Building software for the developing world is about embracing the realities of lower-resource settings as a driver - rather than a constraint - for innovation.
An electronic medical record is an electronic version of a patients medical history, that is maintained by the provider and the user (doctors) over the time. The prices of EMR systems and providers (which by the way are not cheap at all in most of the countries) have a significant influence on the EMR adoption in the low resources countries "the developing world" (in case such service even exist), as till today in 2017 there still exist physical medical histories about patients. That's why HospitalRun is built to provide the most modern hospital information system possible to the least resourced environments.
What is HospitalRun?
HospitalRun is software built to provide the most modern hospital information system possible to the least resourced environments. HospitalRun is designed to allow records to be carried to remote clinics. It works when there is no Internet, and syncs when there is.

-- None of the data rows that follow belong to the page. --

(* Let $M$ be the All Attack Structure for a plant $G$, observable events $\Sigma_o$, supervisor $S$ realized by $H$, vulnerable events $\Sigma_v$, and secret initial states $X_{sec}\subseteq X_0$. If $q_e$ is an undetectable environment state of $M$, then every environment state of $M$ reachable from $q_e$ is either undetectable or a negative detected state.
   Context: A plant is a finite automaton $G=(X,\Sigma,\delta,X_0)$ with partial transition function $\delta$ (extended to strings) and initial states $X_0\subseteq X$; $\Sigma=\Sigma_o\dot\cup\Sigma_{uo}$. A supervisor $S$ is realized by a deterministic automaton $H=(Z,\Sigma,\xi,z_0)$ (its control decision after a string leading $H$ to $z$ is $\Delta_H(z)$, the set of events defined at $z$; only observable events change the state of $H$). $\Sigma_v\subseteq\Sigma_o$ are vulnerable events and $X_{sec}\subseteq X_0$ secret initial states. Operators: for $q\subseteq X$, $\gamma\subseteq\Sigma$, $\sigma\in\Sigma_o$: $\textsf{UR}_\gamma(q)=\{\delta(x,s):x\in q,s\in(\Sigma_{uo}\cap\gamma)^*\}$, $\textsf{NX}_\sigma(q)=\{\delta(x,\sigma):x\in q\}$, $\textsf{NX}_\epsilon(q)=q$, $\mathcal{O}(q,\gamma)=\{\sigma\in\Sigma_o\cap\gamma:\exists x\in q,\exists w\in(\Sigma_{uo}\cap\gamma)^*,\delta(x,w\sigma)\text{ defined}\}$. Augmented system: states $\tilde X\subseteq X_0\times X$, $\tilde X_0=\{(x_0,x_0):x_0\in X_0\}$, $\tilde\delta((x_0,x),\sigma)=(x_0,\delta(x,\sigma))$; $\widetilde{\textsf{UR}},\widetilde{\textsf{NX}},\mathcal{O}(\tilde q,\gamma)$ defined analogously. $I(\tilde q)=\{x_0:(x_0,x)\in\tilde q\text{ for some }x\}$. All Attack Structure: for $\sigma\in\Sigma_o$, $\hat\sigma$ is a doctored copy, $\hat\epsilon$ an erasure symbol; $\mathcal{V}(\sigma)=\{\hat\sigma':\sigma'\in\Sigma_v\}\cup\{\hat\epsilon\}$ if $\sigma\in\Sigma_v$, else $\{\hat\sigma\}$. $M=(Q,\Sigma_M,f,q_0)$, $q_0=(X_0,\tilde X_0,z_0)$, states reachable from $q_0$, $Q=Q_e\dot\cup Q_a$: environment states $(q,\tilde q,z)$ with $q\subseteq X,\tilde q\subseteq\tilde X,z\in Z\cup\{z_{\textsf{att}}\}$ ($z_{\textsf{att}}$ new, $\Delta_H(z_{\textsf{att}})=\emptyset$); attack states $(q,\tilde q,z,\sigma)$. At $(q,\tilde q,z)$ enabled events are $\mathcal{O}(\tilde q,\Delta_H(z))$ if $z\in Z$, none if $z=z_{\textsf{att}}$, with $f((q,\tilde q,z),\sigma)=(q,\tilde q,z,\sigma)$. At $(q,\tilde q,z,\sigma)$ enabled events are $\mathcal{V}(\sigma)$, with $f((q,\tilde q,z,\sigma),\hat\sigma_a)=(q',\tilde q',z')$, $q'=\textsf{NX}_{\sigma_a}(\textsf{UR}_{\Delta_H(z)}(q))$, $\tilde q'=\widetilde{\textsf{NX}}_\sigma(\widetilde{\textsf{UR}}_{\Delta_H(z)}(\tilde q))$, $z'=\xi(z,\sigma_a)$ if $q'\ne\emptyset$ (with $\xi(z,\epsilon)=z$), $z'=z_{\textsf{att}}$ otherwise. An environment state $(q,\tilde q,z)$ is a negative detected state if $I(\tilde q)\cap X_{sec}=\emptyset$. It is undetectable if (i) $I(\tilde q)\cap X_{sec}\neq\emptyset$, and (ii) for every $(x_0,x)\in\widetilde{\textsf{UR}}_{\Delta_H(z)}(\tilde q)$ with $x_0\in X_{sec}$ there exists $(x_0',x)\in\widetilde{\textsf{UR}}_{\Delta_H(z)}(\tilde q)$ with $x_0'\notin X_{sec}$. *)

theory Defs
  imports Main
begin

fun dstar :: "('s \<Rightarrow> 'e \<Rightarrow> 's option) \<Rightarrow> 's \<Rightarrow> 'e list \<Rightarrow> 's option" where
  "dstar d x [] = Some x"
| "dstar d x (e # s) = (case d x e of None \<Rightarrow> None | Some y \<Rightarrow> dstar d y s)"

definition plant :: "'x set \<Rightarrow> 'e set \<Rightarrow> ('x \<Rightarrow> 'e \<Rightarrow> 'x option) \<Rightarrow> 'x set \<Rightarrow> bool" where
  "plant X Sig d X0 \<longleftrightarrow> finite X \<and> finite Sig \<and> X0 \<subseteq> X \<and>
     (\<forall>x e y. d x e = Some y \<longrightarrow> x \<in> X \<and> e \<in> Sig \<and> y \<in> X)"

definition supervisor_aut :: "'z set \<Rightarrow> 'e set \<Rightarrow> 'e set \<Rightarrow> ('z \<Rightarrow> 'e \<Rightarrow> 'z option) \<Rightarrow> 'z \<Rightarrow> bool" where
  "supervisor_aut Z Sig Suo xi z0 \<longleftrightarrow> finite Z \<and> z0 \<in> Z \<and>
     (\<forall>z e z'. xi z e = Some z' \<longrightarrow> z \<in> Z \<and> e \<in> Sig \<and> z' \<in> Z) \<and>
     (\<forall>z e z'. e \<in> Suo \<longrightarrow> xi z e = Some z' \<longrightarrow> z' = z)"

text \<open>Control decision; \<open>None\<close> plays the role of \<open>z_att\<close>, with empty decision.\<close>
definition DeltaH :: "('z \<Rightarrow> 'e \<Rightarrow> 'z option) \<Rightarrow> 'z option \<Rightarrow> 'e set" where
  "DeltaH xi z = (case z of None \<Rightarrow> {} | Some zz \<Rightarrow> {e. xi zz e \<noteq> None})"

definition UR :: "'e set \<Rightarrow> ('s \<Rightarrow> 'e \<Rightarrow> 's option) \<Rightarrow> 'e set \<Rightarrow> 's set \<Rightarrow> 's set" where
  "UR Suo d \<gamma> q = {y. \<exists>x\<in>q. \<exists>s. set s \<subseteq> Suo \<inter> \<gamma> \<and> dstar d x s = Some y}"

text \<open>\<open>NX d None\<close> is \<open>NX_\<epsilon>\<close>.\<close>
definition NX :: "('s \<Rightarrow> 'e \<Rightarrow> 's option) \<Rightarrow> 'e option \<Rightarrow> 's set \<Rightarrow> 's set" where
  "NX d a q = (case a of None \<Rightarrow> q | Some e \<Rightarrow> {y. \<exists>x\<in>q. d x e = Some y})"

definition Obs :: "'e set \<Rightarrow> 'e set \<Rightarrow> ('s \<Rightarrow> 'e \<Rightarrow> 's option) \<Rightarrow> 's set \<Rightarrow> 'e set \<Rightarrow> 'e set" where
  "Obs So Suo d q \<gamma> = {e \<in> So \<inter> \<gamma>. \<exists>x\<in>q. \<exists>w. set w \<subseteq> Suo \<inter> \<gamma> \<and> dstar d x (w @ [e]) \<noteq> None}"

text \<open>Augmented system on \<open>X0 \<times> X\<close>.\<close>
definition aug :: "('x \<Rightarrow> 'e \<Rightarrow> 'x option) \<Rightarrow> ('x \<times> 'x) \<Rightarrow> 'e \<Rightarrow> ('x \<times> 'x) option" where
  "aug d p e = map_option (\<lambda>y. (fst p, y)) (d (snd p) e)"

definition Iinit :: "('x \<times> 'x) set \<Rightarrow> 'x set" where
  "Iinit qt = fst ` qt"

text \<open>Attack symbols: \<open>Hat (Some \<sigma>)\<close> is the doctored copy of \<sigma>, \<open>Hat None\<close> is the erasure.\<close>
datatype 'e mlabel = Ev 'e | Hat "'e option"

datatype ('x, 'e, 'z) mstate =
    EnvS "'x set" "('x \<times> 'x) set" "'z option"
  | AttS "'x set" "('x \<times> 'x) set" "'z option" 'e

definition Vset :: "'e set \<Rightarrow> 'e \<Rightarrow> 'e option set" where
  "Vset Sv e = (if e \<in> Sv then Some ` Sv \<union> {None} else {Some e})"

definition xi_ext :: "('z \<Rightarrow> 'e \<Rightarrow> 'z option) \<Rightarrow> 'z option \<Rightarrow> 'e option \<Rightarrow> 'z option" where
  "xi_ext xi z a = (case a of None \<Rightarrow> z
                      | Some e \<Rightarrow> (case z of None \<Rightarrow> None | Some zz \<Rightarrow> xi zz e))"

fun mtrans :: "'e set \<Rightarrow> 'e set \<Rightarrow> ('x \<Rightarrow> 'e \<Rightarrow> 'x option) \<Rightarrow> ('z \<Rightarrow> 'e \<Rightarrow> 'z option) \<Rightarrow> 'e set
     \<Rightarrow> ('x, 'e, 'z) mstate \<Rightarrow> 'e mlabel \<Rightarrow> ('x, 'e, 'z) mstate option" where
  "mtrans So Suo d xi Sv (EnvS q qt z) (Ev e) =
     (if e \<in> Obs So Suo (aug d) qt (DeltaH xi z) then Some (AttS q qt z e) else None)"
| "mtrans So Suo d xi Sv (AttS q qt z e) (Hat a) =
     (if a \<in> Vset Sv e then
        (let \<gamma> = DeltaH xi z;
             q' = NX d a (UR Suo d \<gamma> q);
             qt' = NX (aug d) (Some e) (UR Suo (aug d) \<gamma> qt);
             z' = (if q' \<noteq> {} then xi_ext xi z a else None)
         in Some (EnvS q' qt' z'))
      else None)"
| "mtrans So Suo d xi Sv _ _ = None"

definition mstep :: "'e set \<Rightarrow> 'e set \<Rightarrow> ('x \<Rightarrow> 'e \<Rightarrow> 'x option) \<Rightarrow> ('z \<Rightarrow> 'e \<Rightarrow> 'z option) \<Rightarrow> 'e set
     \<Rightarrow> ('x, 'e, 'z) mstate \<Rightarrow> ('x, 'e, 'z) mstate \<Rightarrow> bool" where
  "mstep So Suo d xi Sv s s' \<longleftrightarrow> (\<exists>l. mtrans So Suo d xi Sv s l = Some s')"

definition minit :: "'x set \<Rightarrow> 'z \<Rightarrow> ('x, 'e, 'z) mstate" where
  "minit X0 z0 = EnvS X0 {(x, x) | x. x \<in> X0} (Some z0)"

definition env_state_of_M :: "'e set \<Rightarrow> 'e set \<Rightarrow> ('x \<Rightarrow> 'e \<Rightarrow> 'x option) \<Rightarrow> 'x set
     \<Rightarrow> ('z \<Rightarrow> 'e \<Rightarrow> 'z option) \<Rightarrow> 'z \<Rightarrow> 'e set \<Rightarrow> ('x, 'e, 'z) mstate \<Rightarrow> bool" where
  "env_state_of_M So Suo d X0 xi z0 Sv s \<longleftrightarrow>
     (mstep So Suo d xi Sv)\<^sup>*\<^sup>* (minit X0 z0) s \<and> (\<exists>q qt z. s = EnvS q qt z)"

definition negative_detected :: "'x set \<Rightarrow> ('x, 'e, 'z) mstate \<Rightarrow> bool" where
  "negative_detected Xsec s = (case s of EnvS q qt z \<Rightarrow> Iinit qt \<inter> Xsec = {} | _ \<Rightarrow> False)"

definition undetectable :: "'e set \<Rightarrow> ('x \<Rightarrow> 'e \<Rightarrow> 'x option) \<Rightarrow> ('z \<Rightarrow> 'e \<Rightarrow> 'z option)
     \<Rightarrow> 'x set \<Rightarrow> ('x, 'e, 'z) mstate \<Rightarrow> bool" where
  "undetectable Suo d xi Xsec s = (case s of
     EnvS q qt z \<Rightarrow>
       Iinit qt \<inter> Xsec \<noteq> {} \<and>
       (\<forall>x0 x. (x0, x) \<in> UR Suo (aug d) (DeltaH xi z) qt \<longrightarrow> x0 \<in> Xsec \<longrightarrow>
          (\<exists>x0'. (x0', x) \<in> UR Suo (aug d) (DeltaH xi z) qt \<and> x0' \<notin> Xsec))
   | _ \<Rightarrow> False)"

end

theory Submission
  imports Defs
begin

text \<open>The estimate of the augmented system only ever evolves by \<open>UR\<close> and \<open>NX\<close>, which move the current
  state of each pair and never touch its initial state. Hence the property ``every pair with a secret
  initial state has a twin with a non-secret initial state and the same current state'' is preserved
  along every transition of \<open>M\<close>, whatever the attacker and the supervisor do. An undetectable state
  has this property for its unobservable reach, so a later environment state is undetectable unless
  its estimate has lost all secret initial states, i.e.\ is negative detected. None of the
  well-formedness hypotheses on \<open>G\<close>, \<open>H\<close> or \<open>\<Sigma>\<^sub>v\<close> is needed.\<close>

definition secret_masked :: "'a set \<Rightarrow> ('a \<times> 'x) set \<Rightarrow> bool" where
  "secret_masked Xsec S \<longleftrightarrow>
     (\<forall>x0 x. (x0, x) \<in> S \<longrightarrow> x0 \<in> Xsec \<longrightarrow> (\<exists>x0'. (x0', x) \<in> S \<and> x0' \<notin> Xsec))"

lemma secret_masked_lift:
  assumes "secret_masked Xsec S"
    and "\<And>a y. (a, y) \<in> T \<longleftrightarrow> (\<exists>x. (a, x) \<in> S \<and> y \<in> R x)"
  shows "secret_masked Xsec T"
  using assms unfolding secret_masked_def by metis

lemma dstar_aug: "dstar (aug d) (a, x) s = map_option (Pair a) (dstar d x s)"
  by (induction s arbitrary: x) (auto simp: aug_def split: option.splits)

lemma mem_UR_aug: "(a, y) \<in> UR Suo (aug d) \<gamma> S \<longleftrightarrow> (\<exists>x. (a, x) \<in> S \<and> y \<in> UR Suo d \<gamma> {x})"
  unfolding UR_def by (force simp: dstar_aug)

lemma mem_NX_aug: "(a, y) \<in> NX (aug d) e S \<longleftrightarrow> (\<exists>x. (a, x) \<in> S \<and> y \<in> NX d e {x})"
  unfolding NX_def by (force simp: aug_def split: option.splits)

lemma secret_masked_UR_aug: "secret_masked Xsec S \<Longrightarrow> secret_masked Xsec (UR Suo (aug d) \<gamma> S)"
  by (rule secret_masked_lift[OF _ mem_UR_aug])

lemma secret_masked_NX_aug: "secret_masked Xsec S \<Longrightarrow> secret_masked Xsec (NX (aug d) e S)"
  by (rule secret_masked_lift[OF _ mem_NX_aug])

definition masked_estimate :: "'e set \<Rightarrow> ('x \<Rightarrow> 'e \<Rightarrow> 'x option) \<Rightarrow> ('z \<Rightarrow> 'e \<Rightarrow> 'z option)
    \<Rightarrow> 'x set \<Rightarrow> ('x, 'e, 'z) mstate \<Rightarrow> bool" where
  "masked_estimate Suo d xi Xsec s = (case s of
     EnvS q qt z \<Rightarrow> secret_masked Xsec (UR Suo (aug d) (DeltaH xi z) qt)
   | AttS q qt z e \<Rightarrow> secret_masked Xsec (UR Suo (aug d) (DeltaH xi z) qt))"

lemma mtrans_masked_estimate:
  assumes "mtrans So Suo d xi Sv s l = Some s'" and "masked_estimate Suo d xi Xsec s"
  shows "masked_estimate Suo d xi Xsec s'"
proof (cases s)
  case EnvS
  with assms show ?thesis
    by (cases l) (auto simp: masked_estimate_def split: if_splits)
next
  case (AttS q qt z e)
  have "secret_masked Xsec (UR Suo (aug d) \<gamma> (NX (aug d) (Some e) (UR Suo (aug d) (DeltaH xi z) qt)))"
    for \<gamma>
    using assms(2) unfolding AttS masked_estimate_def
    by (simp add: secret_masked_UR_aug[OF secret_masked_NX_aug])
  with AttS assms(1) show ?thesis
    by (cases l) (auto simp: masked_estimate_def Let_def split: if_splits)
qed

lemma reachable_masked_estimate:
  assumes "(mstep So Suo d xi Sv)\<^sup>*\<^sup>* s s'" and "masked_estimate Suo d xi Xsec s"
  shows "masked_estimate Suo d xi Xsec s'"
  using assms
  by (induction rule: rtranclp_induct) (auto simp: mstep_def intro: mtrans_masked_estimate)

lemma undetectable_EnvS_iff:
  "undetectable Suo d xi Xsec (EnvS q qt z) \<longleftrightarrow>
     Iinit qt \<inter> Xsec \<noteq> {} \<and> masked_estimate Suo d xi Xsec (EnvS q qt z)"
  by (simp add: undetectable_def masked_estimate_def secret_masked_def)

lemma undetectable_imp_masked_estimate:
  "undetectable Suo d xi Xsec s \<Longrightarrow> masked_estimate Suo d xi Xsec s"
  by (cases s) (simp_all add: undetectable_def masked_estimate_def secret_masked_def)

theorem proposition4:
  fixes X :: "'x set" and Sig So Suo Sv :: "'e set"
    and d :: "'x \<Rightarrow> 'e \<Rightarrow> 'x option" and X0 Xsec :: "'x set"
    and Z :: "'z set" and xi :: "'z \<Rightarrow> 'e \<Rightarrow> 'z option" and z0 :: 'z
    and qe s :: "('x, 'e, 'z) mstate"
  assumes "plant X Sig d X0"
    and "Sig = So \<union> Suo" and "So \<inter> Suo = {}"
    and "supervisor_aut Z Sig Suo xi z0"
    and "Sv \<subseteq> So" and "Xsec \<subseteq> X0"
    and "env_state_of_M So Suo d X0 xi z0 Sv qe"
    and "undetectable Suo d xi Xsec qe"
    and "(mstep So Suo d xi Sv)\<^sup>*\<^sup>* qe s"
    and "env_state_of_M So Suo d X0 xi z0 Sv s"
  shows "undetectable Suo d xi Xsec s \<or> negative_detected Xsec s"
proof -
  obtain q qt z where s: "s = EnvS q qt z"
    using \<open>env_state_of_M So Suo d X0 xi z0 Sv s\<close> env_state_of_M_def by metis
  have "masked_estimate Suo d xi Xsec qe"
    using \<open>undetectable Suo d xi Xsec qe\<close> by (rule undetectable_imp_masked_estimate)
  with \<open>(mstep So Suo d xi Sv)\<^sup>*\<^sup>* qe s\<close> have "masked_estimate Suo d xi Xsec s"
    by (rule reachable_masked_estimate)
  then show ?thesis
    by (simp add: s undetectable_EnvS_iff negative_detected_def)
qed

end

The most important and special features of this project are:
- Offline-first support (thanks to PouchDB and service workers)
- The capability to deploy to a local server AND the cloud with synchronization for free (thanks to CouchDB)
- Desktop deployment for Mac and Windows (thanks to Electron)
- Scripted server deployment (thanks to Docker)
- Near-complete internationalization (ember-i18n)
- Repo-enforced code standards (thanks to eslint)
- Automated integration testing (thanks to Travis CI)
- Over 1,000 acceptance tests
- A donated Demo environment (thanks to Microsoft Bizspark)
- Incredible traceability on the project repository for issues, projects, and code (thanks to GitHub)
HospitalRun offers a complete EMR with a lot of roles like Doctors, Nurse, Pharmacist, Finance Manager, Inventory Manager and a lot more:
It has an useful scheduler to manage appointments for patients:
The project encourages microindustry around the deployment of the system, but the code is free and open source and always will be.
How is it technically made?
For the user, HospitalRun is a desktop application made with Electron Framework, a framework that allows you to build cross platform desktop apps with JavaScript, HTML, and CSS. The project itself divides itself in 2 areas, the frontend and the backend. The frontend area has been developed with the widely known JavaScript framework Ember.js.
In the backend it uses CouchDB. HospitalRun is designed to allow records to be carried to remote clinics, which makes it perfect for reaching patients that are in remote places. It works when there is no Internet, and syncs when there is. This is achieved thanks to PouchDB (yes, pouch not couch). PouchDB is an open-source JavaScript database inspired by Apache CouchDB that is designed to run well within the browser. PouchDB was created to help web developers build applications that work as well offline as they do online.
How to test?
The Desktop application to offer offline-first can be downloaded from the official website. It is available for Windows and Mac. Besides you can test it online from your browser visiting this website.
How to contribute?
One of the things that the HospitalRun team is putting a lot of energy into, is the usability experience for contributors. Contributors are the fuel that make any open source project like this possible, and they need contributors in coding, design, user experience, marketing, project management, product requirements, and devops. HospitalRun accepts code as contribution on its source code in the official repository at Github or make a financial contribution to support the development and deployment of HospitalRun. For more information about this open source project, please don't forget to visit the official website and follow HospitalRun in Twitter.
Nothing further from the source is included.